I propose a paragraph-oriented solution. The source text would be split into paragraphs (separated by \n\n). The first N characters of the first line define the format for the whole paragraph. The advantage is that, within a paragraph, having one logical line broken into several physical lines is not a problem. Look at the bullet example above. Because we are in a "bulleted paragraph", lines that don't have bullets can be concatenated to the previous lines. This makes it easy to continue lines without having to resort to backslashes at the end of the lines.

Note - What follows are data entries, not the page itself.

(* Let $H$ be a group, $U\subseteq H$ a subgroup, $E$ a field with an $H$-action, and $g_1,\dots,g_N$ elements of order $2$ in $N_H(U)/U$ which generate an infinite subgroup of $N_H(U)/U$. For each $j$ let $\langle U,g_j\rangle$ be the subgroup generated by $U$ and a lift of $g_j$. Then the natural map of $E$-semilinear representations $$r:E[H/U]\to\bigoplus_{j=1}^NE[H/\langle U,g_j\rangle],\qquad [hU]\mapsto\big([h\langle U,g_j\rangle]\big)_{j},$$ is injective.
   Context: $N_H(U)$ is the normalizer of $U$ in $H$. $E[S]$ for an $H$-set $S$ is the $E$-vector space with basis $S$ and $H$-action $h(e[s])=h(e)[hs]$. *)

theory Defs
  imports "HOL-Algebra.Algebra"
begin

definition field_action :: "('g, 'b) monoid_scheme \<Rightarrow> ('g \<Rightarrow> 'e::field \<Rightarrow> 'e) \<Rightarrow> bool" where
  "field_action G act \<longleftrightarrow>
     (\<forall>h\<in>carrier G. bij (act h) \<and> act h 1 = 1 \<and>
        (\<forall>x y. act h (x + y) = act h x + act h y) \<and>
        (\<forall>x y. act h (x * y) = act h x * act h y)) \<and>
     act \<one>\<^bsub>G\<^esub> = id \<and>
     (\<forall>h\<in>carrier G. \<forall>k\<in>carrier G. act (h \<otimes>\<^bsub>G\<^esub> k) = act h \<circ> act k)"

In addition, this can give added control to the user. For example, if someone wants bulleted items to not have blank lines between them, they can all be put into a single paragraph. If you want spaces between them, make each bullet a separate paragraph. For numbered items, the numbers can start over for each paragraph. So you can have blocks of sequential numbers, a space, and then start all over again. (I'm probably not describing that very well)

I also find this conceptually easier to understand. Just say each paragraph is treated as a unit, and the first few characters describe how that block of data is handled.

Finally, by parsing along paragraph lines, it limits "bad" markup to a single paragraph. For example, if you have a dangling ] or something like that, it only affects one paragraph.


Point of discussion 3: "pluggable formats"

I've wondered about the ability to mimic unix's shebang method to describe how to process the contents of a wiki page. For example, say we wanted a wiki page to display tabular data. It might be marked up like this (using #? instead of #! to avoid confusion...)

    #? tabular
    row1 column1 | column2 | column3
    row2 column1 | column2 | column3

By default, wiki pages would be, well, wiki pages. But if you have a unique page you want to display in a unique format, that could be supported. We could have formats for address books, conference schedules, code listings, etc.

Another feature of this would be for forward-compatibility. Assume for the sake of argument we build a tklib module that groks the new format. We could use this feature within a wikit to allow pages to be migrated. Existing pages could be preprocessed to include "#?old-style-wiki" (or something to that effect), and the renderer could know how to render that. As pages are hand-converted (or automatically converted) to the new format, those leading lines could be removed.


Hmmm. That certainly looks easier to understand than the existing wiki rendering engine. My specific goal is to get something that renders in a tk text widget with a minimum of fuss.


There have been several markup conventions for rich text. At least one made it to an RFC (Are you thinking of [L2 ]?) and one has been popular in the Mac community for a number of years [L3 ], and then there are the Formatting Rules for the wiki

This thing you're talking about is called setext, and you should read this if you're interested in it: http://docutils.sourceforge.net/mirror/setext/setext_concepts_Aug92.etx.txt --ro


There is also the markup in Almost Free Text [L4 ] --escargo (10/25/2002)


See htext and Structured teXt for similar ideas.


See also Notebook App's markup.


GRIDPLUS has a text widget markup facility [L5 ].


LV From a purely markup point of view, AK's work in doctools allows one to mark up in doctools, then generate wiki, html, and other markups.